◆ Assignment: The line containing "proof (rule increment_le_integral[where F" and every line after it, through the last one below: output exactly these and nothing else.
*** Opening Given data ***
text \<open>Once \<open>x(t) \<ge> h\<^sub>0 (t - T)\<close>, the rate \<open>c x\<^sup>p\<close> at which \<open>ln x''\<close> decreases is at least
  the derivative of \<open>L (t - T)\<^sup>p\<^sup>+\<^sup>1\<close>.\<close>

lemma x2_le_shifted_stretched_exp:
  assumes "T \<le> t"
  shows "x2 t \<le> a * exp (- L * (t - T) powr (p+1))"
proof -
  have rate_ge: "L * ((p+1) * (r - T) powr p) \<le> c * x r powr p" if "T < r" for r
  proof -
    have "h0 powr p * (r - T) powr p = (h0 * (r - T)) powr p"
      using h0_pos that by (simp add: powr_mult)
    also have "\<dots> \<le> x r powr p"
    proof (rule powr_mono2)
      show "h0 * (r - T) \<le> x r"
        using x_ge_affine[of r] that T_pos h0_pos unfolding T_def by (simp add: algebra_simps)
    qed (use p h0_pos that in auto)
    finally show ?thesis unfolding L_def using c p by (simp add: mult_left_mono)
  qed
  have "ln (x2 t) - ln (x2 T) \<le> (- L * (t - T) powr (p+1)) - (- L * (T - T) powr (p+1))"
  proof (rule increment_le_if_derivative_le[OF assms continuous_on_Icc_if_Ici[OF continuous_ln_x2],
        where f' = "\<lambda>r. - c * x r powr p" and g' = "\<lambda>r. - L * ((p+1) * (r - T) powr p)"])
    show "continuous_on {T..t} (\<lambda>s. - L * (s - T) powr (p+1))"
      using p by (intro continuous_intros continuous_on_powr') auto
  qed (use T_pos p rate_ge DERIV_ln_x2 in \<open>auto intro!: derivative_eq_intros\<close>)
  moreover have "ln (x2 T) \<le> ln a"
    using x2_le[of T] x2_pos[of T] T_pos by simp
  ultimately have "ln (x2 t) \<le> ln a - L * (t - T) powr (p+1)" using p by simp
  then have "x2 t \<le> exp (ln a - L * (t - T) powr (p+1))"
    using x2_pos[of t] T_pos assms by (metis exp_le_cancel_iff exp_ln order.trans less_imp_le)
  then show ?thesis using a by (simp add: exp_diff exp_minus field_simps)
qed

lemma x1_le_bound:
  assumes "t \<ge> 0"
  shows "x1 t \<le> a * T + a * stretched_exp_integral 1 (p+1) L"
proof (cases "t \<le> T")
  case True
  then show ?thesis
    using x1_mono[OF assms True] x1_le[of T] T_pos a stretched_exp_integral_pos[OF L_pos, of "p+1" 1] p
    by (smt (verit) mult_pos_pos)
next
  case False
  have "x1 t - x1 T \<le> a * stretched_exp_integral 1 (p+1) L"
  proof (rule increment_le_integral[where w = "\<lambda>v. a * exp (- L * v powr (p+1))" and F = x1 and F' = x2])
    show "continuous_on {0..} (\<lambda>v. a * exp (- L * v powr (p+1)))"
      using p by (intro continuous_intros continuous_on_powr') auto
    show "((\<lambda>v. a * exp (- L * v powr (p+1))) has_integral a * stretched_exp_integral 1 (p+1) L) {0..}"
      using p by (intro has_integral_mult_right has_integral_stretched_exp(1)[OF L_pos]) simp
  qed (use False T_pos a DERIV_x1 x2_le_shifted_stretched_exp
      in \<open>auto intro: continuous_on_Icc_if_Ici[OF continuous_x1] less_imp_le\<close>)
  then show ?thesis using x1_le[of T] T_pos by simp
qed

text \<open>\<open>t x'(t) - x(t)\<close> is minus the intercept of the tangent line at \<open>t\<close>.\<close>

definition tangent_offset :: "real \<Rightarrow> real" where "tangent_offset t = t * x1 t - x t"

lemma continuous_tangent_offset: "continuous_on {0..} tangent_offset"
  unfolding tangent_offset_def by (intro continuous_intros continuous_x continuous_x1)

lemma DERIV_tangent_offset: "t > 0 \<Longrightarrow> (tangent_offset has_real_derivative t * x2 t) (at t)"
  unfolding tangent_offset_def using DERIV_x DERIV_x1 by (auto intro!: derivative_eq_intros)

lemma tangent_offset_0: "tangent_offset 0 = 0"
  unfolding tangent_offset_def using x_0 by simp

lemma integral_le_tangent_offset:
  assumes "t \<ge> 0"
  shows "integral {0..t} (\<lambda>u. u * lower_x2 u) \<le> tangent_offset t"
proof -
  have cont: "continuous_on {0..} (\<lambda>u. u * lower_x2 u)"
    by (intro continuous_intros continuous_lower_x2)
  have "integral {0..t} (\<lambda>u. u * lower_x2 u) - integral {0..0} (\<lambda>u. u * lower_x2 u)
          \<le> tangent_offset t - tangent_offset 0"
    by (rule increment_le_if_derivative_le[OF assms continuous_on_Icc_if_Ici[OF continuous_on_integral_upto[OF cont]]
          continuous_on_Icc_if_Ici[OF continuous_tangent_offset] has_real_derivative_integral_upto[OF cont]
          DERIV_tangent_offset])
      (simp_all add: mult_left_mono lower_x2_le_x2)
  then show ?thesis using tangent_offset_0 by simp
qed

lemma tangent_offset_le_quadratic:
  assumes "t \<ge> 0"
  shows "tangent_offset t \<le> a * t\<^sup>2 / 2"
proof -
  have "tangent_offset t - tangent_offset 0 \<le> a * t\<^sup>2 / 2 - a * 0\<^sup>2 / 2"
    by (rule increment_le_if_derivative_le[OF assms continuous_on_Icc_if_Ici[OF continuous_tangent_offset]
          _ DERIV_tangent_offset, where g' = "\<lambda>r. a * r"])
      (use x2_le in \<open>auto intro!: continuous_intros derivative_eq_intros simp: mult.commute mult_left_mono\<close>)
  then show ?thesis using tangent_offset_0 by simp
qed

lemma tangent_offset_le:
  assumes "t \<ge> 0"
  shows "tangent_offset t \<le> mu1"
proof -
  have A_pos: "stretched_exp_integral 1 (p+1) L > 0" and B_pos: "stretched_exp_integral 2 (p+1) L > 0"
    using p L_pos by (simp_all add: stretched_exp_integral_pos)
  show ?thesis
  proof (cases "t \<le> T")
    case True
    then have "tangent_offset t \<le> a * T\<^sup>2 / 2"
      using tangent_offset_le_quadratic[OF assms] assms a by (smt (verit) mult_left_mono power_mono divide_right_mono)
    then show ?thesis
      unfolding mu1_def using mult_pos_pos[OF a B_pos] mult_pos_pos[OF mult_pos_pos[OF a T_pos] A_pos] by simp
  next
    case False
    define w where "w v = a * ((v + T) * exp (- L * v powr (p+1)))" for v
    have "(w has_integral a * stretched_exp_integral 2 (p+1) L + a * T * stretched_exp_integral 1 (p+1) L) {0..}"
    proof -
      have "((\<lambda>v. a * (v * exp (- L * v powr (p+1))) + a * T * exp (- L * v powr (p+1))) has_integral
              a * stretched_exp_integral 2 (p+1) L + a * T * stretched_exp_integral 1 (p+1) L) {0..}"
        using p by (intro has_integral_add has_integral_mult_right has_integral_stretched_exp[OF L_pos]) simp_all
      then show ?thesis unfolding w_def by (simp add: algebra_simps)
    qed
    then have "tangent_offset t - tangent_offset T
                 \<le> a * stretched_exp_integral 2 (p+1) L + a * T * stretched_exp_integral 1 (p+1) L"
    proof (rule increment_le_integral[where F = tangent_offset and F' = "\<lambda>r. r * x2 r", rotated 2])
      show "continuous_on {0..} w"
        unfolding w_def using p by (intro continuous_intros continuous_on_powr') auto
      show "w v \<ge> 0" if "v \<ge> 0" for v
        unfolding w_def using a T_pos that by simp
      show "r * x2 r \<le> w (r - T)" if "T < r" for r
        using x2_le_shifted_stretched_exp[of r] that T_pos unfolding w_def by (simp add: mult_left_mono)
    qed (use False T_pos DERIV_tangent_offset in \<open>auto intro: continuous_on_Icc_if_Ici[OF continuous_tangent_offset]\<close>)
    then show ?thesis using tangent_offset_le_quadratic[of T] T_pos unfolding mu1_def by simp
  qed
qed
*** Closing Given data ***
◆ Solution to this problem:
    proof (rule increment_le_integral[where F = tangent_offset and F' = "\<lambda>r. r * x2 r", rotated 2])
      show "continuous_on {0..} w"
        unfolding w_def using p by (intro continuous_intros continuous_on_powr') auto
      show "w v \<ge> 0" if "v \<ge> 0" for v
        unfolding w_def using a T_pos that by simp
      show "r * x2 r \<le> w (r - T)" if "T < r" for r
        using x2_le_shifted_stretched_exp[of r] that T_pos unfolding w_def by (simp add: mult_left_mono)
    qed (use False T_pos DERIV_tangent_offset in \<open>auto intro: continuous_on_Icc_if_Ici[OF continuous_tangent_offset]\<close>)
    then show ?thesis using tangent_offset_le_quadratic[of T] T_pos unfolding mu1_def by simp
  qed
qed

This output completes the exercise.